In paper 3.4, MIT studies a new form of instability due to F- migration and the passivation/depassivation of Si dopants in a n-InAlAs cap layer in InGaAs MOSFETs; it turns out that removing the cap layer gets rid of the instability!

MIT also presents paper 3.7, on using a physical compact model to improve the RF circuit linearity performance of GaN HEMTs, in both device and circuit design techniques. GaN HEMTs are again discussed in 3.5, this time W-band N-polar devices; UCal Santa Barbera claims a record high efficiency of 27.8% at 94 GHz.

And to fill in the gap at 3.40 pm (3.6), IBM gives an invited talk on “Monolithic Integration of Multiple III-V Semiconductors on Si for MOSFETs and TFETs”, using template-assisted selective epitaxy (TASE) for a number of III-V compounds.

Session 4: Memory Technology — RRAM, PRAM and Applications

We start with an invited talk “Towards Ultimate Scaling Limits of Phase-Change Memory” (4.1) by Feng Xiong of Stanford U., reviewing advances in phase-change memory (PCM), which is now down to sub-10 nm scale, with switching energies approaching femtojoules per bit.

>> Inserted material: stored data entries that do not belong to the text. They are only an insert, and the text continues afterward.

(* Let $f:\mathbb{R}^p\to\mathbb{R}\cup\{+\infty\}$ be $\mu_f$-strongly convex and $L_f$-smooth, and $g:\mathbb{R}^p\to\mathbb{R}\cup\{+\infty\}$ proper, closed, convex. Fix $x^0\in\operatorname{dom} f\cap\operatorname{dom} g$, $\xi^0\in\partial g(x^0)$, and for $\tau\in(0,1]$ let $x^\ast_\tau$ be the minimizer of $\tau f(x)-(1-\tau)\langle\xi^0,x\rangle+g(x)$. Let $0<m\le L<+\infty$ satisfy $\omega:=\frac1m\sqrt{(L-2\mu_f)m+L_f^2}<1$. Let $\{\tau_k\}\subset(0,1]$ and let $\{x^k\}$ be generated by $x^{k+1}:=\operatorname{prox}^{H_k}_{\frac{1}{\tau_{k+1}}g}\big(x^k-H_k^{-1}(\nabla f(x^k)-(\tfrac{1}{\tau_{k+1}}-1)\xi^0)\big)$ with $H_k\in\mathbb{S}^p_{++}$, $m\mathbb{I}\preceq H_k\preceq L\mathbb{I}$. Then $$\|x^{k+1}-x^\ast_{\tau_{k+1}}\|_2\le\omega\|x^k-x^\ast_{\tau_{k+1}}\|_2.$$
   Context: $L_f$-smooth: $\|\nabla f(x)-\nabla f(y)\|_2\le L_f\|x-y\|_2$. For $H\in\mathbb{S}^p_{++}$ (symmetric positive definite), $\|u\|_H:=\langle Hu,u\rangle^{1/2}$ and $\operatorname{prox}^H_h(x):=\arg\min_u\{h(u)+\tfrac12\|u-x\|_H^2\}$. *)

theory Defs
  imports "HOL-Analysis.Analysis"
begin

definition proper_fun :: "('a \<Rightarrow> ereal) \<Rightarrow> bool" where
  "proper_fun g \<longleftrightarrow> (\<forall>x. g x \<noteq> -\<infinity>) \<and> (\<exists>x. g x < \<infinity>)"

definition closed_fun :: "('a::topological_space \<Rightarrow> ereal) \<Rightarrow> bool" where
  "closed_fun g \<longleftrightarrow> closed {(x, t::real). g x \<le> ereal t}"

definition convex_fun :: "('a::real_vector \<Rightarrow> ereal) \<Rightarrow> bool" where
  "convex_fun g \<longleftrightarrow> (\<forall>x y t. 0 \<le> t \<and> t \<le> 1 \<longrightarrow>
      g (t *\<^sub>R x + (1 - t) *\<^sub>R y) \<le> ereal t * g x + ereal (1 - t) * g y)"

definition subdiff :: "('a::real_inner \<Rightarrow> ereal) \<Rightarrow> 'a \<Rightarrow> 'a set" where
  "subdiff g x = {\<xi>. \<bar>g x\<bar> \<noteq> \<infinity> \<and> (\<forall>y. g x + ereal (\<xi> \<bullet> (y - x)) \<le> g y)}"

definition strongly_convex_fun :: "real \<Rightarrow> ('a::real_normed_vector \<Rightarrow> real) \<Rightarrow> bool" where
  "strongly_convex_fun \<mu> f \<longleftrightarrow> (\<forall>x y t. 0 \<le> t \<and> t \<le> 1 \<longrightarrow>
      f (t *\<^sub>R x + (1 - t) *\<^sub>R y) \<le> t * f x + (1 - t) * f y - \<mu> / 2 * t * (1 - t) * (norm (x - y))\<^sup>2)"

definition Hnorm :: "real^'n^'n \<Rightarrow> real^'n \<Rightarrow> real" where
  "Hnorm H u = sqrt ((H *v u) \<bullet> u)"

definition is_proxH :: "real^'n^'n \<Rightarrow> (real^'n \<Rightarrow> ereal) \<Rightarrow> real^'n \<Rightarrow> real^'n \<Rightarrow> bool" where
  "is_proxH H h x u \<longleftrightarrow> (\<forall>v. h u + ereal (1/2 * (Hnorm H (u - x))\<^sup>2) \<le> h v + ereal (1/2 * (Hnorm H (v - x))\<^sup>2))"

end

theory Submission
  imports Defs
begin

(* Both iterates are proximal points of the same map u |-> prox^{H_k}_{g/tau}(u): x^{k+1} by
   definition, and xstar_tau because its first-order optimality condition says exactly that
   xstar_tau = prox^{H_k}_{g/tau}(y), where y is the forward step taken from xstar_tau itself.
   Monotonicity of the subdifferential makes this proximal map nonexpansive in the H_k-norm, so
   with d = x^k - xstar_tau and D = grad f(x^k) - grad f(xstar_tau) the error
   e = x^{k+1} - xstar_tau satisfies |e|_H^2 <= |d - H^-1 D|_H^2 = |d|_H^2 - 2 <D, d> + <D, H^-1 D>.
   The bounds m I <= H_k <= L I, strong monotonicity <D, d> >= mu |d|^2 and |D| <= L_f |d| then
   give m^2 |e|^2 <= ((L - 2 mu) m + L_f^2) |d|^2. *)

lemma proper_fun_scale:
  assumes "proper_fun g" "0 < s"
  shows "proper_fun (\<lambda>x. ereal s * g x)"
proof -
  obtain z where "g z < \<infinity>" using assms(1) unfolding proper_fun_def by blast
  then have "ereal s * g z < \<infinity>" using assms(2) by (cases "g z") auto
  moreover have "ereal s * g x \<noteq> -\<infinity>" for x
    using assms unfolding proper_fun_def by (cases "g x") auto
  ultimately show ?thesis unfolding proper_fun_def by blast
qed

lemma convex_fun_scale:
  assumes "convex_fun g" "0 \<le> s"
  shows "convex_fun (\<lambda>x. ereal s * g x)"
  unfolding convex_fun_def
proof (intro allI impI)
  fix x y and t :: real
  assume t: "0 \<le> t \<and> t \<le> 1"
  have "ereal s * g (t *\<^sub>R x + (1 - t) *\<^sub>R y) \<le> ereal s * (ereal t * g x + ereal (1 - t) * g y)"
    using assms t unfolding convex_fun_def by (simp add: ereal_mult_left_mono)
  also have "\<dots> = (ereal t * g x + ereal (1 - t) * g y) * ereal s"
    by (rule mult.commute)
  also have "\<dots> = ereal t * g x * ereal s + ereal (1 - t) * g y * ereal s"
    by (rule distrib_left_ereal_nn[OF assms(2)])
  also have "\<dots> = ereal t * (ereal s * g x) + ereal (1 - t) * (ereal s * g y)"
    by (simp add: mult_ac)
  finally show "ereal s * g (t *\<^sub>R x + (1 - t) *\<^sub>R y)
      \<le> ereal t * (ereal s * g x) + ereal (1 - t) * (ereal s * g y)" .
qed

lemma subdiff_scale:
  assumes "\<xi> \<in> subdiff g x" "0 < s"
  shows "s *\<^sub>R \<xi> \<in> subdiff (\<lambda>x. ereal s * g x) x"
proof -
  obtain a where a: "g x = ereal a" using assms(1) unfolding subdiff_def by (cases "g x") auto
  have "ereal (s * a) + ereal ((s *\<^sub>R \<xi>) \<bullet> (y - x)) \<le> ereal s * g y" for y
  proof (cases "g y")
    case (real b)
    have "g x + ereal (\<xi> \<bullet> (y - x)) \<le> g y" using assms(1) unfolding subdiff_def by blast
    then have "a + \<xi> \<bullet> (y - x) \<le> b" using a real by simp
    then have "s * (a + \<xi> \<bullet> (y - x)) \<le> s * b" using assms(2) by simp
    then show ?thesis using real by (simp add: algebra_simps)
  qed (use assms a in \<open>auto simp: subdiff_def dest: spec[of _ y]\<close>)
  then show ?thesis using a unfolding subdiff_def by simp
qed

lemma subdiff_monotone:
  assumes "\<xi> \<in> subdiff g x" "\<eta> \<in> subdiff g y"
  shows "0 \<le> (\<xi> - \<eta>) \<bullet> (x - y)"
proof -
  obtain a b where a: "g x = ereal a" and b: "g y = ereal b"
    using assms unfolding subdiff_def by (cases "g x"; cases "g y") auto
  have "g x + ereal (\<xi> \<bullet> (y - x)) \<le> g y" "g y + ereal (\<eta> \<bullet> (x - y)) \<le> g x"
    using assms unfolding subdiff_def by blast+
  then show ?thesis using a b by (simp add: inner_diff_left inner_diff_right)
qed

lemma difference_quotient_tendsto_at_right:
  assumes "(q has_real_derivative D) (at 0)"
  shows "((\<lambda>t. (q t - q 0) / t) \<longlongrightarrow> D) (at_right 0)"
proof -
  have "((\<lambda>t. (q t - q 0) / (t - 0)) \<longlongrightarrow> D) (at 0)"
    using assms by (simp add: DERIV_def has_field_derivative_iff)
  then show ?thesis by (simp add: filterlim_at_split)
qed

lemma tendsto_at_right_0_le:
  fixes r s :: "real \<Rightarrow> real"
  assumes "\<And>t. 0 < t \<Longrightarrow> t \<le> 1 \<Longrightarrow> r t \<le> s t"
    and "(r \<longlongrightarrow> R) (at_right 0)" and "(s \<longlongrightarrow> S) (at_right 0)"
  shows "R \<le> S"
proof (rule tendsto_le[OF _ assms(3) assms(2)])
  show "\<forall>\<^sub>F t in at_right 0. r t \<le> s t"
    unfolding eventually_at_right_field by (rule exI[of _ 1]) (auto intro: assms(1))
qed simp

lemma has_derivative_along_line:
  assumes "(f has_derivative f') (at x)"
  shows "((\<lambda>t. f (x + t *\<^sub>R w)) has_real_derivative f' w) (at 0)"
proof -
  have "((\<lambda>t. x + t *\<^sub>R w) has_derivative (\<lambda>t. t *\<^sub>R w)) (at 0)"
    by (auto intro!: derivative_eq_intros)
  from diff_chain_at[OF this] assms
  have "((\<lambda>t. f (x + t *\<^sub>R w)) has_derivative (\<lambda>t. f' (t *\<^sub>R w))) (at 0)"
    by (simp add: o_def)
  moreover have "(\<lambda>t. f' (t *\<^sub>R w)) = (*) (f' w)"
    using has_derivative_linear[OF assms] by (auto simp: fun_eq_iff linear_cmul)
  ultimately show ?thesis unfolding has_field_derivative_def by simp
qed

lemma neg_gradient_in_subdiff_at_minimizer:
  fixes \<phi> :: "'a::real_inner \<Rightarrow> real" and h :: "'a \<Rightarrow> ereal"
  assumes min: "\<And>v. ereal (\<phi> x) + h x \<le> ereal (\<phi> v) + h v"
    and deriv: "(\<phi> has_derivative (\<lambda>v. G \<bullet> v)) (at x)"
    and proper: "proper_fun h" and convex: "convex_fun h"
  shows "- G \<in> subdiff h x"
proof -
  obtain z where "h z < \<infinity>" using proper unfolding proper_fun_def by blast
  with min[of z] have "h x \<noteq> \<infinity>" by auto
  moreover have "h x \<noteq> -\<infinity>" using proper unfolding proper_fun_def by blast
  ultimately obtain a where a: "h x = ereal a" by (cases "h x") auto
  have "ereal a + ereal (- G \<bullet> (y - x)) \<le> h y" for y
  proof (cases "h y")
    case (real b)
    let ?q = "\<lambda>t. \<phi> (x + t *\<^sub>R (y - x))"
    have "a - b \<le> (?q t - ?q 0) / t" if t: "0 < t" "t \<le> 1" for t
    proof -
      have "x + t *\<^sub>R (y - x) = t *\<^sub>R y + (1 - t) *\<^sub>R x" by (simp add: algebra_simps)
      then have "h (x + t *\<^sub>R (y - x)) \<le> ereal t * h y + ereal (1 - t) * h x"
        using convex t unfolding convex_fun_def by simp
      then have conv: "h (x + t *\<^sub>R (y - x)) \<le> ereal (t * b + (1 - t) * a)"
        using a real by simp
      have "ereal (\<phi> x + a) \<le> ereal (?q t) + h (x + t *\<^sub>R (y - x))"
        using min[of "x + t *\<^sub>R (y - x)"] a by simp
      also have "\<dots> \<le> ereal (?q t) + ereal (t * b + (1 - t) * a)"
        using conv by (rule add_left_mono)
      finally have "t * (a - b) \<le> ?q t - ?q 0" by (simp add: algebra_simps)
      then show ?thesis using t by (simp add: le_divide_eq mult.commute)
    qed
    then have "a - b \<le> G \<bullet> (y - x)"
      by (rule tendsto_at_right_0_le[OF _ tendsto_const
            difference_quotient_tendsto_at_right[OF has_derivative_along_line[OF deriv]]])
    then show ?thesis using real by simp
  next
    case MInf
    then show ?thesis using proper unfolding proper_fun_def by blast
  qed simp
  then show ?thesis using a unfolding subdiff_def by simp
qed

lemma weighted_minimizer_subdiff:
  fixes f :: "'a::real_inner \<Rightarrow> real"
  assumes deriv: "(f has_derivative (\<lambda>h. G \<bullet> h)) (at x)" and t: "0 < t"
    and "proper_fun g" "convex_fun g"
    and min: "\<And>y. ereal (t * f x - (1 - t) * (\<xi> \<bullet> x)) + g x
      \<le> ereal (t * f y - (1 - t) * (\<xi> \<bullet> y)) + g y"
  shows "(1 / t - 1) *\<^sub>R \<xi> - G \<in> subdiff (\<lambda>u. ereal (1 / t) * g u) x"
proof -
  have "- (t *\<^sub>R G - (1 - t) *\<^sub>R \<xi>) \<in> subdiff g x"
    by (rule neg_gradient_in_subdiff_at_minimizer[where \<phi> = "\<lambda>v. t * f v - (1 - t) * (\<xi> \<bullet> v)",
          OF min _ assms(3,4)])
       (auto intro!: derivative_eq_intros deriv simp: inner_diff_left)
  from subdiff_scale[OF this, of "1 / t"] t show ?thesis by (simp add: algebra_simps)
qed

Paper 4.2 discusses confined ALD-based PCM with a metallic liner, which is reported to have record endurance of 2e12 cycles; and 4.3 looks at SiOx-based RRAM (Resistive Random-Access Memory) in crossbar memory arrays, and also as select devices in the arrays.

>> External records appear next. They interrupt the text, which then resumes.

lemma Lminus_ops_eq: "Lminus_ops m n act = case_prod act ` Lminus_idx m n"
  unfolding Lminus_ops_def Lminus_idx_def by force

lemma L_ops_eq: "L_ops m n act = case_prod act ` (idx m n \<times> idx m n)"
  unfolding L_ops_def by force

lemma Lminus_idx_subset: "Lminus_idx m n \<subseteq> idx m n \<times> idx m n"
  by (auto simp: Lminus_idx_def idx_def)

definition lower_idx :: "nat \<Rightarrow> nat \<Rightarrow> (nat \<times> nat) set" where
  "lower_idx m n = {(p, q). p \<in> idx m n \<and> q \<in> idx m n \<and> q < p}"

lemma idx_pair_cases:
  assumes "p \<in> idx m n" "q \<in> idx m n"
  obtains "(p, q) \<in> L0_idx m n" | "(p, q) \<in> Lplus_idx m n" | "(p, q) \<in> Lminus_idx m n"
  using assms by (fastforce simp: L0_idx_def Lplus_idx_def Lminus_idx_def idx_def par_eq_iff)

locale glmn_rep =
  fixes m n :: nat and sc :: "complex \<Rightarrow> 'w::ab_group_add \<Rightarrow> 'w"
    and rho :: "nat \<Rightarrow> nat \<Rightarrow> 'w \<Rightarrow> 'w" and W0 W1 :: "'w set"
  assumes glmn_module: "glmn_module m n sc rho W0 W1"
begin

sublocale V: vector_space sc
  using glmn_module unfolding glmn_module_def by blast

interpretation VV: vector_space_pair sc sc ..

lemma
  shows W0_subspace: "V.subspace W0" and W1_subspace: "V.subspace W1"
    and W0_inter_W1: "W0 \<inter> W1 = {0}" and graded_decomp: "\<exists>a\<in>W0. \<exists>b\<in>W1. w = a + b"
  using glmn_module unfolding glmn_module_def by blast+
lemma pg_min_deg_eq: "pg_min_deg n = min (pg_deg n (p (r - 1) * p r)) (pg_deg n (p r))"
  unfolding pg_min_deg_def
proof (rule Min_eqI)
  have "p r < n" "p (r - 1) * p r < n"
    using prod_less[OF last_psubset] prod_less[OF last_two_psubset] three_le by simp_all
  then show "min (pg_deg n (p (r - 1) * p r)) (pg_deg n (p r)) \<in> pg_deg n ` {0..<n}"
    by (simp add: min_def)
next
  fix d assume "d \<in> pg_deg n ` {0..<n}"
  then obtain a where a: "a < n" "d = pg_deg n a"
    by auto
  have "min (nbhd_size (\<lambda>i. real (p i)) {1..r} {1..r-1}) (nbhd_size (\<lambda>i. real (p i)) {1..r} {1..r-2})
      \<le> nbhd_size (\<lambda>i. real (p i)) {1..r} {i \<in> {1..r}. \<not> p i dvd a}"
    using three_le by (intro nbhd_size_min) auto
  then show "min (pg_deg n (p (r - 1) * p r)) (pg_deg n (p r)) \<le> d"
    using pg_deg_prod_primes[OF _ _ inj_on_p n_eq a(1)] prime
    unfolding a(2) pg_deg_last[symmetric] pg_deg_last_two[symmetric] by auto
qed simp

lemma pg_min_deg_eq_last_iff:
  "pg_min_deg n = pg_deg n (p r) \<longleftrightarrow>
    real (totient (p r)) \<ge>
      (real (\<Prod>i=1..r-2. p i) / real (totient (\<Prod>i=1..r-2. p i)) - 1) * real (totient (p (r - 1)))"
proof -
  have totient_prime: "real (totient (p i)) = real (p i) - 1" if "i \<in> {1..r}" for i
    using prime[OF that] prime_ge_1_nat[OF prime[OF that]] by (simp add: totient_prime of_nat_diff)
  have "real (\<Prod>i=1..r-2. p i) / real (totient (\<Prod>i=1..r-2. p i)) =
      1 / (\<Prod>i=1..r-2. 1 - 1 / real (p i))"
    using prime inj_on_subset[OF inj_on_p] by (intro prod_over_totient_prod_primes) auto
  then show ?thesis
    using nbhd_size_last_le_iff[OF three_le] pg_deg_last pg_deg_last_two pg_min_deg_eq
      totient_prime[of r] totient_prime[of "r - 1"] three_le
    by auto
qed

lemma pg_min_deg_eq_last_if:
  assumes "(r - 2) * totient (p (r - 1)) \<le> totient (p r)"
  shows "pg_min_deg n = pg_deg n (p r)"
proof -
  have "real (\<Prod>i=1..r-2. p i) / real (totient (\<Prod>i=1..r-2. p i)) - 1 \<le> real (r - 2)"
    using inverse_prod_one_minus_inverse_le[of "r - 2"] prime inj_on_subset[OF inj_on_p]
    by (subst prod_over_totient_prod_primes) auto
  then have "(real (\<Prod>i=1..r-2. p i) / real (totient (\<Prod>i=1..r-2. p i)) - 1) * real (totient (p (r - 1)))
      \<le> real (r - 2) * real (totient (p (r - 1)))"
    by (rule mult_right_mono) simp
  also have "\<dots> \<le> real (totient (p r))"
    using assms by (metis of_nat_le_iff of_nat_mult)
  finally show ?thesis
    using pg_min_deg_eq_last_iff by simp
qed

end

theorem theorem1p2:
  fixes p :: "nat \<Rightarrow> nat" and r n :: nat
  assumes "r \<ge> 3"
    and "\<And>i. i \<in> {1..r} \<Longrightarrow> prime (p i)"
    and "\<And>i j. i \<in> {1..r} \<Longrightarrow> j \<in> {1..r} \<Longrightarrow> i < j \<Longrightarrow> p i < p j"
    and "n = (\<Prod>i=1..r. p i)"
  shows "pg_min_deg n = min (pg_deg n (p (r-1) * p r)) (pg_deg n (p r)) \<and>
         (pg_min_deg n = pg_deg n (p r) \<longleftrightarrow>
           real (totient (p r)) \<ge>
             (real (\<Prod>i=1..r-2. p i) / real (totient (\<Prod>i=1..r-2. p i)) - 1)
               * real (totient (p (r-1)))) \<and>
         (totient (p r) \<ge> (r - 2) * totient (p (r-1)) \<longrightarrow> pg_min_deg n = pg_deg n (p r))"
proof -
  interpret increasing_primes_prod p r n
    using assms by unfold_locales
  show ?thesis
    using pg_min_deg_eq pg_min_deg_eq_last_iff pg_min_deg_eq_last_if by blast
qed

end
section \<open>Characters and the level-one part\<close>

definition unit_root :: "nat \<Rightarrow> int \<Rightarrow> complex" where
  "unit_root r x = exp (2 * pi * \<i> * of_int x / of_nat r)"

lemma unit_root_add: "unit_root r (x + y) = unit_root r x * unit_root r y"
  unfolding unit_root_def by (simp add: exp_add[symmetric] distrib_left add_divide_distrib)

lemma unit_root_0 [simp]: "unit_root r 0 = 1"
  unfolding unit_root_def by simp

lemma cnj_unit_root: "cnj (unit_root r x) = unit_root r (- x)"
  unfolding unit_root_def by (simp add: exp_cnj)

lemma unit_root_mult_of_nat: "unit_root r (x * int s) = unit_root r x ^ s"
proof -
  have "unit_root r (x * int s) = exp (of_nat s * (2 * pi * \<i> * of_int x / of_nat r))"
    unfolding unit_root_def by (simp add: mult_ac)
  then show ?thesis
    unfolding unit_root_def by (simp only: exp_of_nat_mult)
qed

lemma unit_root_sum: "finite K \<Longrightarrow> unit_root r (\<Sum>k\<in>K. x k) = (\<Prod>k\<in>K. unit_root r (x k))"
  by (induction K rule: finite_induct) (simp_all add: unit_root_add)

lemma unit_root_eq_1_iff:
  assumes "r > 0"
  shows "unit_root r x = 1 \<longleftrightarrow> int r dvd x"
proof
  assume "unit_root r x = 1"
  then obtain m :: int where "2 * pi * of_int x / of_nat r = of_int (2 * m) * pi"
    unfolding unit_root_def exp_eq_1 by auto
  then have "real_of_int x = real_of_int (m * int r)"
    using assms by (simp add: field_simps)
  then show "int r dvd x"
    by (simp only: of_int_eq_iff) simp
next
  assume "int r dvd x"
  then obtain m where "x = int r * m" ..
  then show "unit_root r x = 1"
    using assms unfolding unit_root_def exp_eq_1 by (auto intro!: exI[of _ m])
qed

lemma sum_unit_root_mult_eq_0:
  assumes r: "r > 0" and "\<not> int r dvd x"
  shows "(\<Sum>s\<in>{0..<r}. unit_root r (x * int s)) = 0"
proof -
  have "unit_root r x \<noteq> 1"
    using assms by (simp add: unit_root_eq_1_iff)
  moreover have "unit_root r x ^ r = 1"
    using r by (simp flip: unit_root_mult_of_nat add: unit_root_eq_1_iff)
  ultimately show ?thesis
    by (simp add: unit_root_mult_of_nat atLeast0LessThan geometric_sum)
qed

lemma sum_unit_root_diff_mult:
  assumes r: "r > 0" and "a < r" "b < r"
  shows "(\<Sum>s\<in>{0..<r}. unit_root r ((int a - int b) * int s)) = (if a = b then of_nat r else 0)"
proof (cases "a = b")
  case False
  have "\<not> int r dvd (int a - int b)"
  proof
    assume "int r dvd (int a - int b)"
    then have "\<bar>int r\<bar> \<le> \<bar>int a - int b\<bar>"
      using False by (intro dvd_imp_le_int) auto
    then show False
      using assms by auto
  qed
  then show ?thesis
    using False sum_unit_root_mult_eq_0[OF r] by simp
qed simp

lemma character_eq_unit_root: "character r n S T = unit_root r (\<Sum>k\<in>{0..<n}. int (S k) * int (T k))"
  unfolding character_def unit_root_def by (simp add: atLeast0LessThan)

Oxygen implantation into Ta2O5 and HfO2 is used to form RRAM devices in the ON state (4.4), which subsequently switch similarly to regularly made reference devices. The correlation between endurance, window margin and retention of RRAM types (oxide RAM and conductive bridge RAM) is studied in 4.5, and the effect of programming parameters on oxide RAM retention is the topic in 4.6.

The intrinsic variability factors of RRAM are quantified in 4.7, to identify the fundamental variability limits of the technology, and the last paper (4.8) details a random number generator fabricated in Panasonic’s 40-nm embedded ReRAM process.

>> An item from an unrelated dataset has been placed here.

(* Let $\lambda_1>\lambda_2=\lambda_3>0$, $D=\mathrm{diag}(\lambda_1,\lambda_2,\lambda_2)$, and $G=\widetilde W_{1,0}(\cdot;D)\circ\mathbf P:S^3\to\mathbb R$. Then: (i) The global maxima of $G$ are the points $(0,0,\pm1,0)$, $(0,0,0,\pm1)$ and $(0,0,\cos\alpha,\sin\alpha)$, $\alpha\in[0,2\pi)$; correspondingly the rotations $\mathrm{diag}(-1,1,-1)$, $\mathrm{diag}(-1,-1,1)$ and $$\begin{pmatrix}-1&0&0\\0&\cos2\alpha&\sin2\alpha\\0&\sin2\alpha&-\cos2\alpha\end{pmatrix},\ \alpha\in[0,2\pi),$$ are the global maxima of $\widetilde W_{1,0}(\cdot;D)$ on $SO(3)$. (ii) If $s=\lambda_1+\lambda_2>2$, then, with $a=\sqrt{\frac12+\frac1s}$, $b=\sqrt{\frac12-\frac1s}$, the global minima of $G$ are the points $(\pm a,0,0,\pm b)$, $(\pm a,0,\pm b,0)$ (all sign combinations) and $(\pm a,0,b\cos\alpha,b\sin\alpha)$, $\alpha\in[0,2\pi)$; the corresponding rotations $\mathbf P(q)$ are the global minima of $\widetilde W_{1,0}(\cdot;D)$ on $SO(3)$, with minimal value $(\lambda_2-1)^2+\frac12(\lambda_1-\lambda_2)^2$. (iii) If $\lambda_1+\lambda_2\le2$, then $(\pm1,0,0,0)$ are the only global minima of $G$, and $\mathbb I_3$ is the global minimum of $\widetilde W_{1,0}(\cdot;D)$.
   Context: $\mathrm{sym}(Y)=\tfrac12(Y+Y^T)$, $\|Y\|^2=\mathrm{tr}(Y^TY)$. $\widetilde W_{1,0}(R;D)=\|\mathrm{sym}(R^TD-\mathbb I_3)\|^2$ for $R\in SO(3)$. $S^3\subset\mathbb R^4$ is the unit sphere and $\mathbf P:S^3\to SO(3)$ is $$\mathbf P(q)=\begin{pmatrix}(q^0)^2+(q^1)^2-(q^2)^2-(q^3)^2 & 2(q^1q^2-q^0q^3) & 2(q^1q^3+q^0q^2)\\ 2(q^1q^2+q^0q^3) & (q^0)^2-(q^1)^2+(q^2)^2-(q^3)^2 & 2(q^2q^3-q^0q^1)\\ 2(q^1q^3-q^0q^2) & 2(q^2q^3+q^0q^1) & (q^0)^2-(q^1)^2-(q^2)^2+(q^3)^2\end{pmatrix},$$ for $q=(q^0,q^1,q^2,q^3)\in S^3$. *)

theory Defs
  imports "HOL-Analysis.Analysis"
begin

Session 5: Nano Device Technology — 1D and 2D Devices

This session (not surprisingly) is a set of research papers, starting with a pair of carbon nanotube (CNT) transistor studies; 5.1 details CNT-FETs with nickel contacts alloyed into the ends of the CNTs to reduce contact resistance and give scalability to the contact process.

Schematic of a CNT-based CMOS inverter with entirely Ni end-bonded contacts (5.1)

Schematic of a CNT-based CMOS inverter with entirely Ni end-bonded contacts (5.1)

We look at vertically suspended CNT-FETs in 5.2, which allows a fully gate-all-around (GAA) structure with multiple channels, optimising gate controllability and enhancing charge transport.

In 5.3 we move to graphene FETs, again examining ways of reducing contact resistance, this time using “atomic orbital overlap engineering”.

Paper 5.4 is an invited talk from Mathieu Luisier of ETH Zurich on simulations of 2-D devices, reviewing mobility, I-V characteristics, and contact resistance, with extra detail on contacts to molybdenum disulphide (MoS2).

Black phosphorus is another potential 2-D transistor material, and PMOSFETs with a boron nitride/alumina gate dielectric are discussed in 5.5.

The last three papers focus on MoS2, examining 10-nm top-gated transistors in 5.6, and we go beyond transistor studies in 5.7 to develop guidelines for co-optimisation of material, devices, and circuits, to get the yield up and move towards manufacturability. The final paper (5.8) gets back into the detail of the MoS2 MOS interface trap density created by S vacancies in the MoS2.

Session 6: Sensors, MEMS, and BioMEMS — Focus Session: Wearables for the Internet-of-Things (IoT)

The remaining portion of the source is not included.